Here, the building colors are the same as those above. That's because most of the map layers are actually the same, published using the Web Map Service Specification from GeoMedia WebMap and GeoMedia WebMap Publisher, then read into MapServer using that same specification, and republished along with other data layers.
Web Feature Service (WFS)
The purpose of the OGC Web Feature Service Interface Specification is to provide a structure and mechanism for query and retrieval of geographic features. The WFS requests are generated on the client and are posted to a WFS server using HTTP. The default payload encoding for transferring exposed features from the server to the client is the Geography Markup Language (GML).
There are numerous commercial and open source implementations of the WFS interface standard, including a Open Source WFS reference implementation, called GeoServer.
WFS Data manipulation operations include the ability to:
· Create a new feature instance
· Delete a feature instance
· Update a feature instance
· Get or Query features based on spatial and non-spatial constraints
The basic Web Feature Service allows querying and retrieval of features.A transactional Web Feature Service (WFS-T) allows creation, deletion, and updating of features.
Figure: A transactional WFS application
Web Coverage Service (WCS)
A WCS provides access to potentially detailed and rich sets of geospatial information, in forms that are useful for client-side rendering. The WCS may be compared to the OGC Web Map Service (WMS) and the Web Feature Service (WFS); like them it allows clients to choose portions of a server's information holdings based on spatial constraints and other criteria.
Unlike WMS, the WCS provides available data together with their detailed descriptions; allows complex queries against these data; and returns data with its original semantics (instead of pictures) which can be interpreted, extrapolated, etc. -- and not just portrayed.

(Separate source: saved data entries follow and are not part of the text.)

lemma binomial_weighted_ratio_eventually_less:
  fixes V :: "nat \<Rightarrow> real" and m :: nat
  defines "s n r \<equiv> real (m choose r) * real (n choose m) * real ((n - r) choose (m - r)) * V r"
  assumes m: "2 \<le> m" and V1: "V 1 > 0" and c: "c > 0"
  shows "\<forall>\<^sub>F n in sequentially. (\<Sum>r=2..m. s n r) / s n 1 < c"
proof -
  define D where "D = (\<Sum>r=2..m. real (m choose r) * \<bar>V r\<bar>)"
  define K where "K = D * real (m - 1) / (real m * V 1)"
  have bound: "(\<Sum>r=2..m. s n r) / s n 1 \<le> K / (real n - 1)" if n: "m \<le> n" for n
  proof -
    \<comment> \<open>\<open>X\<close> dominates \<open>(n choose m) ((n - r) choose (m - r))\<close> for \<open>r \<ge> 2\<close> and is
      \<open>(m - 1)/(n - 1)\<close> times its value at \<open>r = 1\<close>\<close>
    define X where "X = real (n choose m) * real ((n - 2) choose (m - 2))"
    have "s n r \<le> real (m choose r) * \<bar>V r\<bar> * X" if r: "r \<in> {2..m}" for r
    proof -
      have "s n r \<le> real (m choose r) * real (n choose m) * real ((n - r) choose (m - r)) * \<bar>V r\<bar>"
        unfolding s_def by (intro mult_left_mono) auto
      also have "\<dots> \<le> real (m choose r) * real (n choose m) * real ((n - 2) choose (m - 2)) * \<bar>V r\<bar>"
        using binomial_tail_le[OF r n] by (intro mult_right_mono mult_left_mono) auto
      finally show ?thesis
        by (simp add: X_def mult_ac)
    qed
    then have "(\<Sum>r=2..m. s n r) \<le> D * X"
      unfolding D_def sum_distrib_right by (rule sum_mono)
    moreover have "s n 1 * real (m - 1) = real m * V 1 * (real n - 1) * X"
      using arg_cong[OF binomial_pred_eq[OF m n], of real] m n
      by (simp add: s_def X_def of_nat_diff mult_ac)
    moreover have "s n 1 > 0" "X > 0" "real n - 1 > 0"
      using m n V1 by (auto simp: s_def X_def)
    ultimately show ?thesis
      using m V1 by (simp add: K_def divide_simps mult_ac)
  qed
  have "(\<lambda>n. K / (real n - 1)) \<longlonglongrightarrow> 0"
    by real_asymp
  then have "\<forall>\<^sub>F n in sequentially. K / (real n - 1) < c"
    using c by (rule order_tendstoD)
  then show ?thesis
    using eventually_ge_at_top[of m] by eventually_elim (use bound in force)
qed
(* Given $\alpha>0$ there exists $C>0$ such that for every $\rho>0$ and every $u\in C((-\rho,\rho))$, $$\ell^\alpha(\rho)\sup_{\varepsilon\in(0,\rho)}\ell^{-\alpha}(\varepsilon)\|\delta_\varepsilon u\|_{L^\infty(-\rho,\rho-\varepsilon)}\le C\Big(\operatorname{osc}_{(-\rho,\rho)}u+\ell^\alpha(\rho)\sup_{\varepsilon\in(0,\rho)}\ell^{-\alpha}(\varepsilon)\|\delta^2_\varepsilon u\|_{L^\infty(-\rho,\rho-2\varepsilon)}\Big),$$ where norms over empty intervals are interpreted as $0$.
   Context: $\ell(\rho):=|\ln(\min\{\rho,1/10\})|^{-1}$ for $\rho>0$. $\delta_\varepsilon u(x):=u(x+\varepsilon)-u(x)$ and $\delta^2_\varepsilon u(x):=u(x+2\varepsilon)-2u(x+\varepsilon)+u(x)$. $\operatorname{osc}_Eu:=\sup_Eu-\inf_Eu$. *)

theory Defs
  imports "HOL-Analysis.Analysis"
begin

definition ell :: "real \<Rightarrow> real" where
  "ell \<rho> = inverse \<bar>ln (min \<rho> (1/10))\<bar>"

definition delta1 :: "real \<Rightarrow> (real \<Rightarrow> real) \<Rightarrow> real \<Rightarrow> real" where
  "delta1 \<epsilon> u x = u (x + \<epsilon>) - u x"

definition delta2 :: "real \<Rightarrow> (real \<Rightarrow> real) \<Rightarrow> real \<Rightarrow> real" where
  "delta2 \<epsilon> u x = u (x + 2 * \<epsilon>) - 2 * u (x + \<epsilon>) + u x"

text \<open>Sup-norm of f on the open interval (a,b), valued in the extended reals;
  equals 0 when the interval is empty. For continuous f this is the L-infinity norm.\<close>
definition supnorm :: "(real \<Rightarrow> real) \<Rightarrow> real \<Rightarrow> real \<Rightarrow> ereal" where
  "supnorm f a b = Sup ({0} \<union> (\<lambda>x. ereal \<bar>f x\<bar>) ` {a<..<b})"

definition osc :: "(real \<Rightarrow> real) \<Rightarrow> real \<Rightarrow> real \<Rightarrow> ereal" where
  "osc u a b = (SUP x\<in>{a<..<b}. ereal (u x)) - (INF x\<in>{a<..<b}. ereal (u x))"

end

theory Submission imports Defs begin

Unlike WFS which returns discrete geospatial features, the WCS returns representations of space-varying phenomena that relate a spatial-temporal domain.
The specification defines three operations:
· The GetCapabilities operation returns an XML document describing the service and brief descriptions of the data collections from which clients may request coverages.
· The DescribeCoverage operation lets clients request a full description of one or more coverages served by a particular WCS server.
· The GetCoverage operation returns a coverage bundled in a well-known coverage format.
Catalog Service (CAT)
The OGC Catalog Service defines common interfaces to discover, browse, and query metadata about data, services, and other potential resource.
Simple Features-SQL (SFS)
Simple Features-SQL are an OpenGIS standard which specifies digital storage of geographical data (point, line, polygon, multi-point, multi-line, etc) with both spatial and non-spatial attributes.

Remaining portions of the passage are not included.